◆ **What the exercise asks**
In the entries below, find each line bearing the string "divisor" and copy it.

◆ **Records for this exercise**

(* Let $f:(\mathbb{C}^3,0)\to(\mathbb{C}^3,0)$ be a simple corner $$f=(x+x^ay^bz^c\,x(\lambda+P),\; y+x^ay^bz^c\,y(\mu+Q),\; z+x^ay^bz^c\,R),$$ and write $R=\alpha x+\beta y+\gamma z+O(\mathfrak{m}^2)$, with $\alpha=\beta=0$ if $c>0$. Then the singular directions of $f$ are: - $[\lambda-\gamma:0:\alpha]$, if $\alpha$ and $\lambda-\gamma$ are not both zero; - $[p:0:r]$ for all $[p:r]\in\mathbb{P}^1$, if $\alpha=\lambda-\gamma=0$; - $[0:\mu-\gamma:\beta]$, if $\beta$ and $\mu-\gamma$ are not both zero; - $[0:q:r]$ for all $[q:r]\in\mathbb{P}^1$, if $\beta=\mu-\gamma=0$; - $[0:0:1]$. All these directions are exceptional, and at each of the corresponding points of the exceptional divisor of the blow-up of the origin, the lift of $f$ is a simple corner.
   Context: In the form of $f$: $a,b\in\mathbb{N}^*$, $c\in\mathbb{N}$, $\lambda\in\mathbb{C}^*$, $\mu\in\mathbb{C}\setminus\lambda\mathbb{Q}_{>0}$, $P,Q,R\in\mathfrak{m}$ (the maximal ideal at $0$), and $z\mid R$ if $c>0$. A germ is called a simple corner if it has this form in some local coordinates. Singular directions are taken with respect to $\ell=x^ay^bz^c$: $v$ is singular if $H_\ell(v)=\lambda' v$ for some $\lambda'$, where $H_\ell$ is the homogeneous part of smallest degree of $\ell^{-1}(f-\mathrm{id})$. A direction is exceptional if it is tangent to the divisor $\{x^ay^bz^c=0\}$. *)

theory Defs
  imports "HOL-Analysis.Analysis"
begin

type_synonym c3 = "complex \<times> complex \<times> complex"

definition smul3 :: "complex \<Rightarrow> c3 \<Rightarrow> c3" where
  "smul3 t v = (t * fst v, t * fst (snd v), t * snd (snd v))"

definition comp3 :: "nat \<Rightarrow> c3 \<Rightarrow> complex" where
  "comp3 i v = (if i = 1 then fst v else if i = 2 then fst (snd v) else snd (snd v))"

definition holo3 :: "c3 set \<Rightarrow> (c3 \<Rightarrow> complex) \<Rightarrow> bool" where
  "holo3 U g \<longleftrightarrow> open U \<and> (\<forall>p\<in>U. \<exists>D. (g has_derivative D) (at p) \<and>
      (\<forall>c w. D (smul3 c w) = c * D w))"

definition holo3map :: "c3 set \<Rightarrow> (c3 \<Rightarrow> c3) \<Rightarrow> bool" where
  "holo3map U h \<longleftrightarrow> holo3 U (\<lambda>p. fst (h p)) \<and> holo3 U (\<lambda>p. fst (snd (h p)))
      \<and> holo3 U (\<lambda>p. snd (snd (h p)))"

◆ **Answer to the exercise**
(* Let $f:(\mathbb{C}^3,0)\to(\mathbb{C}^3,0)$ be a simple corner $$f=(x+x^ay^bz^c\,x(\lambda+P),\; y+x^ay^bz^c\,y(\mu+Q),\; z+x^ay^bz^c\,R),$$ and write $R=\alpha x+\beta y+\gamma z+O(\mathfrak{m}^2)$, with $\alpha=\beta=0$ if $c>0$. Then the singular directions of $f$ are: - $[\lambda-\gamma:0:\alpha]$, if $\alpha$ and $\lambda-\gamma$ are not both zero; - $[p:0:r]$ for all $[p:r]\in\mathbb{P}^1$, if $\alpha=\lambda-\gamma=0$; - $[0:\mu-\gamma:\beta]$, if $\beta$ and $\mu-\gamma$ are not both zero; - $[0:q:r]$ for all $[q:r]\in\mathbb{P}^1$, if $\beta=\mu-\gamma=0$; - $[0:0:1]$. All these directions are exceptional, and at each of the corresponding points of the exceptional divisor of the blow-up of the origin, the lift of $f$ is a simple corner.
   Context: In the form of $f$: $a,b\in\mathbb{N}^*$, $c\in\mathbb{N}$, $\lambda\in\mathbb{C}^*$, $\mu\in\mathbb{C}\setminus\lambda\mathbb{Q}_{>0}$, $P,Q,R\in\mathfrak{m}$ (the maximal ideal at $0$), and $z\mid R$ if $c>0$. A germ is called a simple corner if it has this form in some local coordinates. Singular directions are taken with respect to $\ell=x^ay^bz^c$: $v$ is singular if $H_\ell(v)=\lambda' v$ for some $\lambda'$, where $H_\ell$ is the homogeneous part of smallest degree of $\ell^{-1}(f-\mathrm{id})$. A direction is exceptional if it is tangent to the divisor $\{x^ay^bz^c=0\}$. *)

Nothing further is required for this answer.